Yes better coming from you than being picked on at school!! Was your daughter upset with you saying it?
My parents never taught us to use deodorants, we did use body wash/soap when showering/bathing. I learnt about deodorant myself when I got to high school, I used it when I remembered, no one ever told me if I smelt so I have no idea if I did. I cringe in adulthood when I think about it, I perhaps was smelly and everyone was too polite to say otherwise, my parents may have not realised. I now overly spray perfume all over myself as I fear being smelly

PinkiOcelot · 06/11/2021 22:43

It didn’t have to be a blunt conversation though, did it?!

HungrySausage · 06/11/2021 22:46

Please be kind to her. My mother decided to have this conversation with me very loudly and bluntly in the middle of Woolworths. I’ve never ever forgotten how embarrassed I was and how sad it made me feel. It’s one of my worst childhood memories, as she was so unkind to me in that moment.

Northernsoullover · 06/11/2021 22:47

I told my son that if you smell in school you will never lose the label. I asked mum, dad and brother if they could remember the poor child that smelled. We could.
I was blunt. Nothing wrong with that. Far better than children chanting your name as the smelly kid.

Snoozer11 · 06/11/2021 22:49

If you think it's a brutal or difficult conversation then i really wonder what it is you said to her.

She'll know adults wear deodorant and have to wash or they'll smell. Just tell her it's time and to use soap and actively wash herself.

WhatsitWiggle · 06/11/2021 22:49

Of course you need to have the convo but maybe the products aren't working for her.
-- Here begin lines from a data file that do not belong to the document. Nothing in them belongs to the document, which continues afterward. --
(* Let $G$ be a finite simple graph on $n$ vertices with maximum degree $\Delta \ge 1$, and let $\lambda_{2}$ be the second smallest Laplacian eigenvalue of $G$. Then \[ \mathrm{tw}(G) \ge \frac{n \lambda_{2}}{\Delta + \lambda_{2}} - 1, \] where $\mathrm{tw}(G)$ is the treewidth of $G$.
   Context: For a graph $G=(V,E)$ with $n$ vertices, the Laplacian matrix $L \in \mathbb{Z}^{V\times V}$ is given by $L(u,u)=\deg(u)$, $L(u,v)=-1$ if $\{u,v\}\in E$, and $L(u,v)=0$ otherwise (for $u \ne v$). The Laplacian eigenvalues are the eigenvalues of $L$, listed in non-decreasing order as $\lambda_1 \le \lambda_2 \le \dots \le \lambda_n$. Treewidth is the standard notion: the minimum, over all tree decompositions of $G$, of the maximum bag size minus one. *)

theory Defs
  imports "Jordan_Normal_Form.Char_Poly" "HOL-Library.Multiset"
begin

definition simple_graph :: "nat \<Rightarrow> (nat \<Rightarrow> nat \<Rightarrow> bool) \<Rightarrow> bool" where
  "simple_graph n E \<longleftrightarrow> (\<forall>u v. E u v \<longrightarrow> E v u) \<and> (\<forall>u. \<not> E u u)
      \<and> (\<forall>u v. E u v \<longrightarrow> u < n \<and> v < n)"

definition degree_g :: "nat \<Rightarrow> (nat \<Rightarrow> nat \<Rightarrow> bool) \<Rightarrow> nat \<Rightarrow> nat" where
  "degree_g n E u = card {v. v < n \<and> E u v}"

definition max_degree :: "nat \<Rightarrow> (nat \<Rightarrow> nat \<Rightarrow> bool) \<Rightarrow> nat" where
  "max_degree n E = Max (degree_g n E ` {0..<n})"

definition laplacian :: "nat \<Rightarrow> (nat \<Rightarrow> nat \<Rightarrow> bool) \<Rightarrow> real mat" where
  "laplacian n E = mat n n (\<lambda>(u, v). if u = v then real (degree_g n E u)
                                      else if E u v then -1 else 0)"

text \<open>Laplacian eigenvalues with multiplicity (roots of the characteristic polynomial),
  listed in non-decreasing order; lambda_k is the (k-1)-th entry of the list.\<close>
definition laplacian_eigenvalues :: "nat \<Rightarrow> (nat \<Rightarrow> nat \<Rightarrow> bool) \<Rightarrow> real list" where
  "laplacian_eigenvalues n E = sorted_list_of_multiset (proots (char_poly (laplacian n E)))"

definition lambda2 :: "nat \<Rightarrow> (nat \<Rightarrow> nat \<Rightarrow> bool) \<Rightarrow> real" where
  "lambda2 n E = laplacian_eigenvalues n E ! 1"

definition connected_on :: "(nat \<Rightarrow> nat \<Rightarrow> bool) \<Rightarrow> nat set \<Rightarrow> bool" where
  "connected_on F S \<longleftrightarrow> (\<forall>a\<in>S. \<forall>b\<in>S. (\<lambda>x y. F x y \<and> x \<in> S \<and> y \<in> S)\<^sup>*\<^sup>* a b)"

definition is_cycle :: "(nat \<Rightarrow> nat \<Rightarrow> bool) \<Rightarrow> nat list \<Rightarrow> bool" where
  "is_cycle F cs \<longleftrightarrow> length cs \<ge> 3 \<and> distinct cs
      \<and> (\<forall>i. Suc i < length cs \<longrightarrow> F (cs ! i) (cs ! Suc i)) \<and> F (last cs) (hd cs)"

definition is_tree :: "nat \<Rightarrow> (nat \<Rightarrow> nat \<Rightarrow> bool) \<Rightarrow> bool" where
  "is_tree m F \<longleftrightarrow> m \<ge> 1 \<and> simple_graph m F \<and> connected_on F {0..<m}
      \<and> (\<nexists>cs. is_cycle F cs)"

definition tree_decomposition ::
  "nat \<Rightarrow> (nat \<Rightarrow> nat \<Rightarrow> bool) \<Rightarrow> nat \<Rightarrow> (nat \<Rightarrow> nat \<Rightarrow> bool) \<Rightarrow> (nat \<Rightarrow> nat set) \<Rightarrow> bool" where
  "tree_decomposition n E m F B \<longleftrightarrow> is_tree m F
      \<and> (\<forall>t<m. B t \<subseteq> {0..<n})
      \<and> (\<forall>v<n. \<exists>t<m. v \<in> B t)
      \<and> (\<forall>u v. E u v \<longrightarrow> (\<exists>t<m. u \<in> B t \<and> v \<in> B t))
      \<and> (\<forall>v<n. connected_on F {t. t < m \<and> v \<in> B t})"

definition decomposition_width :: "nat \<Rightarrow> (nat \<Rightarrow> nat set) \<Rightarrow> nat" where
  "decomposition_width m B = Max ((\<lambda>t. card (B t)) ` {0..<m}) - 1"

definition treewidth :: "nat \<Rightarrow> (nat \<Rightarrow> nat \<Rightarrow> bool) \<Rightarrow> nat" where
  "treewidth n E = (LEAST k. \<exists>m F B. tree_decomposition n E m F B \<and> decomposition_width m B = k)"

end

theory Submission
  imports Defs "Jordan_Normal_Form.Schur_Decomposition"
begin

text \<open>Take a tree decomposition of optimal width. Walking along the tree towards a neighbouring
  part that holds more than half of the vertices outside the current bag, one finds a set S
  inside a single bag, hence with |S| \<le> tw + 1, together with a split of the remaining vertices
  into three classes without edges between different classes, each containing at most half of
  them. The class sizes then satisfy the triangle inequality, so there are unit vectors in the
  plane, one per class, whose sum weighted by the class sizes vanishes. Assigning to every
  vertex outside S the vector of its class, and 0 to the vertices of S, gives two test vectors
  orthogonal to the all-ones vector with total squared norm n - |S|; only edges at S contribute
  to their Laplacian energy, which is therefore at most |S| \<Delta>. The variational bound for
  \<lambda>2 yields \<lambda>2 (n - |S|) \<le> |S| \<Delta>, which rearranges to the claim.\<close>

section \<open>Spectral theorem for real symmetric matrices\<close>

lemma conjugate_real_vec [simp]: "conjugate (v :: real vec) = v"
  by (rule eq_vecI) auto

lemma scalar_prod_self_pos_real: "(v :: real vec) \<in> carrier_vec n \<Longrightarrow> v \<noteq> 0\<^sub>v n \<Longrightarrow> v \<bullet> v > 0"
  by (metis conjugate_real_vec conjugate_square_greater_0_vec)

definition vec_normalize :: "real vec \<Rightarrow> real vec" where
  "vec_normalize v = (1 / sqrt (v \<bullet> v)) \<cdot>\<^sub>v v"

lemma scalar_prod_vec_normalize:
  assumes "v \<in> carrier_vec n" "w \<in> carrier_vec n"
  shows "vec_normalize v \<bullet> vec_normalize w = (v \<bullet> w) / (sqrt (v \<bullet> v) * sqrt (w \<bullet> w))"
  using assms unfolding vec_normalize_def
  by (simp add: smult_scalar_prod_distrib scalar_prod_smult_distrib)

lemma vec_normalize_unit:
  assumes "v \<in> carrier_vec n" "v \<noteq> 0\<^sub>v n"
  shows "vec_normalize v \<bullet> vec_normalize v = 1"
  using scalar_prod_vec_normalize[OF assms(1) assms(1)] scalar_prod_self_pos_real[OF assms]
  by (simp add: real_sqrt_mult[symmetric] del: real_sqrt_mult)

definition orthonormal_mat :: "nat \<Rightarrow> real mat \<Rightarrow> bool" where
  "orthonormal_mat n U \<longleftrightarrow> U \<in> carrier_mat n n \<and> transpose_mat U * U = 1\<^sub>m n"

lemma orthonormal_mat_right_inverse: "orthonormal_mat n U \<Longrightarrow> U * transpose_mat U = 1\<^sub>m n"
  using mat_mult_left_right_inverse[of "transpose_mat U" n U] unfolding orthonormal_mat_def by auto

lemma orthonormal_mat_transpose_mult_vec:
  assumes "orthonormal_mat n U" "x \<in> carrier_vec n"
  shows "U *\<^sub>v (transpose_mat U *\<^sub>v x) = x" and "transpose_mat U *\<^sub>v (U *\<^sub>v x) = x"
  using assms orthonormal_mat_right_inverse[OF assms(1)] unfolding orthonormal_mat_def
  by (auto simp: assoc_mult_mat_vec[of _ n n _ n, symmetric])

lemma orthonormal_mat_scalar_prod:
  assumes "orthonormal_mat n U" "x \<in> carrier_vec n"
  shows "(transpose_mat U *\<^sub>v x) \<bullet> (transpose_mat U *\<^sub>v x) = x \<bullet> x"
proof -
  have U: "U \<in> carrier_mat n n" using assms(1) unfolding orthonormal_mat_def by auto
  have "(transpose_mat U *\<^sub>v x) \<bullet> (transpose_mat U *\<^sub>v x) = x \<bullet> (U *\<^sub>v (transpose_mat U *\<^sub>v x))"
    using transpose_vec_mult_scalar[OF U _ assms(2), of "transpose_mat U *\<^sub>v x"] U assms(2) by auto
  then show ?thesis using orthonormal_mat_transpose_mult_vec[OF assms] by simp
qed

lemma orthonormal_mat_of_cols:
  assumes ws: "set ws \<subseteq> carrier_vec n" "corthogonal ws" "length ws = n"
  shows "orthonormal_mat n (mat_of_cols n (map vec_normalize ws))"
proof -
  define W where "W = mat_of_cols n (map vec_normalize ws)"
  have wsi: "ws ! i \<in> carrier_vec n" if "i < n" for i using ws that by auto
  have orth: "ws ! i \<bullet> ws ! j = 0 \<longleftrightarrow> i \<noteq> j" if "i < n" "j < n" for i j
    using ws that unfolding corthogonal_def by auto
  have colW: "col W j = vec_normalize (ws ! j)" if "j < n" for j
    unfolding W_def using that ws wsi[OF that] by (auto simp: col_mat_of_cols vec_normalize_def)
  have "col W i \<bullet> col W j = (if i = j then 1 else 0)" if "i < n" "j < n" for i j
  proof (cases "i = j")
    case True
    have "ws ! i \<noteq> 0\<^sub>v n" using orth[OF that(1) that(1)] by auto
    then show ?thesis using vec_normalize_unit[OF wsi[OF that(1)]] colW that True by auto
  next
    case False
    then show ?thesis
      using scalar_prod_vec_normalize[OF wsi[OF that(1)] wsi[OF that(2)]] orth[OF that] colW that
        by auto
  qed
  moreover have "W \<in> carrier_mat n n" unfolding W_def using ws by auto
  ultimately show ?thesis
    unfolding orthonormal_mat_def W_def[symmetric] by (auto intro!: eq_matI)
qed

lemma orthonormal_completion:
  assumes v: "v \<in> carrier_vec n" and v1: "v \<bullet> v = 1"
  shows "\<exists>W. orthonormal_mat n W \<and> col W 0 = v"
proof -
  interpret cof_vec_space n "TYPE(real)" .
  have v0: "v \<noteq> 0\<^sub>v n" using v1 by auto
  have n: "n > 0" using v v1 by (cases n) (auto simp: scalar_prod_def)
  define b where "b = basis_completion v"
  from basis_completion[OF v v0, folded b_def]
  have dist_b: "distinct b" and indep: "\<not> lin_dep (set b)" and b: "set b \<subseteq> carrier_vec n"
    and hdb: "hd b = v" and len_b: "length b = n" by auto
  from hdb len_b n obtain vs where bv: "b = v # vs" by (cases b) auto
  define ws where "ws = gram_schmidt n b"
  from gram_schmidt_result[OF b dist_b indep ws_def]
  have ws: "set ws \<subseteq> carrier_vec n" "corthogonal ws" "length ws = n" by (auto simp: len_b)
  have "ws ! 0 = v"
    using gram_schmidt_hd[OF v, of vs, folded bv ws_def] ws(3) n by (cases ws) auto
  then have "col (mat_of_cols n (map vec_normalize ws)) 0 = v"
    using ws n v v1 by (simp add: col_mat_of_cols vec_normalize_def)
  then show ?thesis using orthonormal_mat_of_cols[OF ws] by blast
qed

lemma complexified_symmetric_eigenvalue_real:
  fixes A :: "real mat"
  assumes A: "A \<in> carrier_mat n n" and sym: "transpose_mat A = A"
    and ev: "eigenvalue (map_mat complex_of_real A) z"
  shows "z \<in> \<real>"
proof -
  let ?C = "map_mat complex_of_real A"
  obtain v where v: "v \<in> carrier_vec n" and v0: "v \<noteq> 0\<^sub>v n" and Cv: "?C *\<^sub>v v = z \<cdot>\<^sub>v v"
    using ev A unfolding eigenvalue_def eigenvector_def by auto
  have symA: "A $$ (i, j) = A $$ (j, i)" if "i < n" "j < n" for i j
    using sym A that by (metis carrier_matD index_transpose_mat(1))
  define s where "s = (\<Sum>i<n. cnj (v $ i) * (?C *\<^sub>v v) $ i)"
  define q where "q = (\<Sum>i<n. cnj (v $ i) * v $ i)"
  have sq: "s = z * q" unfolding s_def q_def Cv using v
    by (auto simp: sum_distrib_left intro!: sum.cong)
  have Cvi: "(?C *\<^sub>v v) $ i = (\<Sum>j<n. of_real (A $$ (i, j)) * v $ j)" if "i < n" for i
    using that v A by (auto simp: scalar_prod_def lessThan_atLeast0 intro!: sum.cong)
  have s: "s = (\<Sum>i<n. \<Sum>j<n. cnj (v $ i) * of_real (A $$ (i, j)) * v $ j)"
    unfolding s_def by (auto simp: Cvi sum_distrib_left mult.assoc intro!: sum.cong)
  \<comment> \<open>the Hermitian form of a real symmetric matrix is real\<close>
  have "cnj s = (\<Sum>i<n. \<Sum>j<n. v $ i * of_real (A $$ (i, j)) * cnj (v $ j))"
    unfolding s by (simp add: cnj_sum)
  also have "\<dots> = (\<Sum>j<n. \<Sum>i<n. v $ i * of_real (A $$ (i, j)) * cnj (v $ j))"
    by (rule sum.swap)
  also have "\<dots> = s" unfolding s by (auto simp: symA mult_ac intro!: sum.cong)
  finally have s_real: "cnj s = s" .
  have q: "q = of_real (\<Sum>i<n. (cmod (v $ i))\<^sup>2)" unfolding q_def
    by (simp add: complex_norm_square mult.commute del: of_real_power)
  obtain i where i: "i < n" "v $ i \<noteq> 0"
    using v0 v by (metis carrier_vecD eq_vecI index_zero_vec(1) index_zero_vec(2))
  have "(cmod (v $ i))\<^sup>2 \<le> (\<Sum>i<n. (cmod (v $ i))\<^sup>2)" by (rule member_le_sum) (use i in auto)
  moreover have "(cmod (v $ i))\<^sup>2 > 0" using i by simp
  ultimately have "q \<noteq> 0" unfolding q of_real_eq_0_iff by linarith
  then have "z = s / q" using sq by simp
  moreover have "cnj q = q" unfolding q by (simp only: complex_cnj_complex_of_real)
  ultimately have "cnj z = z" using s_real by simp
  then show ?thesis by (simp add: Reals_cnj_iff)
qed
We tried several deodorants for DD and switched from shower gel to soap as even daily showering wasn't enough when her hormones went into overdrive.
Greasy hair can also be product build up rather than sweat - try a clarifying shampoo and advise her to rinse thoroughly, especially if washing hair in the bath.

Hawkins001 · 06/11/2021 22:53

to be honest, i prefer people to tell me if i pong, as i cycle a bit and dont always realise how i pong.

Happymum12345 · 06/11/2021 22:54

She’ll be okay.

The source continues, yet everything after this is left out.